Castor thrust his head straight into the trash—which gave me an idea. “Hey Cas?”
‘Hey yourself, bony,’ he said, head still inside the receptacle.
‘Kind of busy here. Look at that, some dingbat tossed a perfectly good burrito. What a bunch of wastrels skulking around these days. No one wasted food in my day.’
“Cas.” You have to say a spooks’ name often, or you’ll lose his attention. “How would you like to snoop on someone, maybe get him in trouble?”
He raised his head out of the bin.
Bingo.
I laid it out for him, careful to explain the danger he’d be in and the danger he be putting Ash in. Back when his pulse still pumped and he weighed more than a glass of air, Castor had been an Iconocop, so if there was anyone he despised more than me, it was the Morai. Shoot, he’d probably hunted down their parents, the original Morai back during the Purge. Maybe that was how he’d gotten himself eternally buggered. So this was like his chance for revenge.
Without dragging it out—because that would’ve been a dull old time—Castor flickered and winked out of sight. As I rose from my bench I smiled.

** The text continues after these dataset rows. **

lemma has_C1_derivative_mult:
  assumes "has_C1_derivative f f' S" "has_C1_derivative g g' S"
  shows "has_C1_derivative (\<lambda>x. f x * g x) (\<lambda>x v. f x * g' x v + f' x v * g x) S"
proof (rule has_C1_derivativeI)
  show "((\<lambda>x. f x * g x) has_derivative (\<lambda>v. f x * g' x v + f' x v * g x)) (at x within S)"
    if "x \<in> S" for x
    using has_derivative_mult[OF has_C1_derivativeD(1)[OF assms(1) that] has_C1_derivativeD(1)[OF assms(2) that]] .
  show "continuous_on S (\<lambda>x. f x * g' x v + f' x v * g x)" for v
    using has_C1_derivative_imp_continuous_on[OF assms(1)] has_C1_derivative_imp_continuous_on[OF assms(2)]
      has_C1_derivativeD(2)[OF assms(1)] has_C1_derivativeD(2)[OF assms(2)]
    by (intro continuous_intros)
qed

lemma has_C1_derivative_divide:
  assumes "has_C1_derivative f f' S" "has_C1_derivative g g' S" "\<And>x. x \<in> S \<Longrightarrow> g x \<noteq> 0"
  shows "has_C1_derivative (\<lambda>x. f x / g x) (\<lambda>x v. (f' x v * g x - f x * g' x v) / (g x * g x)) S"
proof (rule has_C1_derivativeI)
  show "((\<lambda>x. f x / g x) has_derivative (\<lambda>v. (f' x v * g x - f x * g' x v) / (g x * g x))) (at x within S)"
    if "x \<in> S" for x
    using has_derivative_divide'[OF has_C1_derivativeD(1)[OF assms(1) that]
        has_C1_derivativeD(1)[OF assms(2) that] assms(3)[OF that]] .
  show "continuous_on S (\<lambda>x. (f' x v * g x - f x * g' x v) / (g x * g x))" for v
    using assms has_C1_derivative_imp_continuous_on[OF assms(1)] has_C1_derivative_imp_continuous_on[OF assms(2)]
    by (intro continuous_intros) (auto dest: has_C1_derivativeD)
qed

lemma has_C1_derivative_exp:
  assumes "has_C1_derivative f f' S"
  shows "has_C1_derivative (\<lambda>x. exp (f x)) (\<lambda>x v. exp (f x) * f' x v) S"
proof (rule has_C1_derivativeI)
  show "((\<lambda>x. exp (f x)) has_derivative (\<lambda>v. exp (f x) * f' x v)) (at x within S)" if "x \<in> S" for x
    using has_derivative_compose[OF has_C1_derivativeD(1)[OF assms that]
        DERIV_exp[unfolded has_field_derivative_def]] by simp
  show "continuous_on S (\<lambda>x. exp (f x) * f' x v)" for v
    using has_C1_derivative_imp_continuous_on[OF assms] has_C1_derivativeD(2)[OF assms]
    by (intro continuous_intros)
qed

lemma has_C1_derivative_imp_blinfun:
  fixes f :: "'a::euclidean_space \<Rightarrow> real"
  assumes "has_C1_derivative f f' S"
  shows "\<exists>D :: 'a \<Rightarrow> 'a \<Rightarrow>\<^sub>L real.
           (\<forall>x\<in>S. (f has_derivative blinfun_apply (D x)) (at x within S)) \<and> continuous_on S D"
proof (intro exI conjI ballI)
  have D: "blinfun_apply (Blinfun (f' x)) = f' x" if "x \<in> S" for x
    using bounded_linear_Blinfun_apply has_derivative_bounded_linear has_C1_derivativeD(1)[OF assms that]
    by blast
  show "(f has_derivative blinfun_apply (Blinfun (f' x))) (at x within S)" if "x \<in> S" for x
    using D has_C1_derivativeD(1)[OF assms] that by simp
  show "continuous_on S (\<lambda>x. Blinfun (f' x))"
  proof (rule continuous_on_blinfun_componentwise)
    fix v :: 'a
    show "continuous_on S (\<lambda>x. blinfun_apply (Blinfun (f' x)) v)"
      using continuous_on_eq[OF has_C1_derivativeD(2)[OF assms, of v]] D by simp
  qed
qed

lemma Mtest_derivative_tail:
  fixes f' :: "nat \<Rightarrow> 'a \<Rightarrow> 'b::real_normed_vector \<Rightarrow> real"
  assumes f'_bound: "\<And>n x v. x \<in> S \<Longrightarrow> \<bar>f' n x v\<bar> \<le> m n * norm v"
    and "summable m" "0 < e"
  shows "\<forall>\<^sub>F n in sequentially. \<forall>x\<in>S. \<forall>v. norm ((\<Sum>i<n. f' i x v) - (\<Sum>i. f' i x v)) \<le> e * norm v"
proof -
  obtain N where N: "\<And>n. n \<ge> N \<Longrightarrow> norm (\<Sum>i. m (i + n)) < e"
    using suminf_exist_split[OF \<open>0 < e\<close> \<open>summable m\<close>] by blast
  have "norm ((\<Sum>i<n. f' i x v) - (\<Sum>i. f' i x v)) \<le> e * norm v" if "N \<le> n" "x \<in> S" for n x v
  proof -
    have tail: "summable (\<lambda>i. m (i + n) * norm v)"
      using \<open>summable m\<close> by (simp add: summable_iff_shift summable_mult2)
    have tail_f': "summable (\<lambda>i. norm (f' (i + n) x v))"
      by (rule summable_comparison_test[OF _ tail]) (use f'_bound[OF \<open>x \<in> S\<close>] in auto)
    then have "summable (\<lambda>i. f' i x v)"
      using summable_norm_cancel summable_iff_shift by blast
    then have "norm ((\<Sum>i<n. f' i x v) - (\<Sum>i. f' i x v)) = \<bar>\<Sum>i. f' (i + n) x v\<bar>"
      using suminf_split_initial_segment[of "\<lambda>i. f' i x v" n] by simp
    also have "\<dots> \<le> (\<Sum>i. norm (f' (i + n) x v))"
      using summable_norm[OF tail_f'] by simp
    also have "\<dots> \<le> (\<Sum>i. m (i + n) * norm v)"
      by (rule suminf_le[OF _ tail_f' tail]) (use f'_bound[OF \<open>x \<in> S\<close>] in auto)
    also have "\<dots> = (\<Sum>i. m (i + n)) * norm v"
      using \<open>summable m\<close> by (simp add: summable_iff_shift suminf_mult2)
    also have "\<dots> \<le> e * norm v"
      using N[OF \<open>N \<le> n\<close>] by (intro mult_right_mono) auto
    finally show ?thesis .
  qed
  then show ?thesis
    unfolding eventually_sequentially by blast
qed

The spook was no doubt already hovering around Ash; the spooks’ ability to use Limbo as a sort of whiz-bang conduit from one place to another was absolute dynamite, sure as sure.

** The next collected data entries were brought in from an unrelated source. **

lemma centred_pair_sq:
  fixes c :: real
  assumes "i < d" "j < d"
  defines "f \<equiv> \<lambda>x. ((U i x - 1/2) + c * (U j x - 1/2))^2"
  shows "integrable M f" and "expectation f = (1 + c^2) / 12 + 2 * c * cov i j"
proof -
  have f_eq: "f = (\<lambda>x. (U i x - 1/2) * (U i x - 1/2) + c^2 * ((U j x - 1/2) * (U j x - 1/2))
                     + 2 * c * ((U i x - 1/2) * (U j x - 1/2)))"
    unfolding f_def by (simp add: power2_eq_square algebra_simps)
  show "integrable M f"
    unfolding f_eq using assms by (simp add: integrable_coord_prod)
  have "expectation f = cov i i + c^2 * cov j j + 2 * c * cov i j"
    unfolding f_eq cov_def using assms
    by (simp add: Bochner_Integration.integral_add integrable_coord_prod)
  then show "expectation f = (1 + c^2) / 12 + 2 * c * cov i j"
    using assms by (simp add: cov_diag add_divide_distrib)
qed

lemma abs_cov_le:
  assumes "i < d" "j < d"
  shows "\<bar>cov i j\<bar> \<le> 1/12"
proof -
  have "0 \<le> expectation (\<lambda>x. ((U i x - 1/2) + c * (U j x - 1/2))^2)" for c
    by simp
  from this[of 1] this[of "-1"] show ?thesis
    unfolding centred_pair_sq(2)[OF assms] by auto
qed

I stretched and turned to follow the sidewalk down 151st Street. It was still too dark to see to the end, but the arc-lamps standing every one-hundred feet or so stretched into the darkness. This was going to take all night and I needed someplace to sleep now. A straight-backed wooden bench nestled on the edge of an eight lane trafficker just wasn’t going to cut it.
A few hundred ticks passed as I doddered down the street, whispers of relaxing music slipping out from someone’s bedroom stereo. Trickling stream. Babbling brook. Mumbling river. I couldn’t enjoy it due to the chill nibbling at my extremities. Breath clouds lingered like comic book word bubbles.
It must’ve been near midnight by the time I reached the opposite end of 151st Street. I was halfway into a fresh fantasy about Izzy when I reached the crosswalk. It was busier here along Alpha Circle, a car or truck or big rig passing every twenty to thirty ticks. So instead of pulling a Frogger, I waited for the red LED hand to flash green. In retrospect, I should’ve hitched my pants and sped across. As it was, I waited just long enough to allow her to saunter up to me.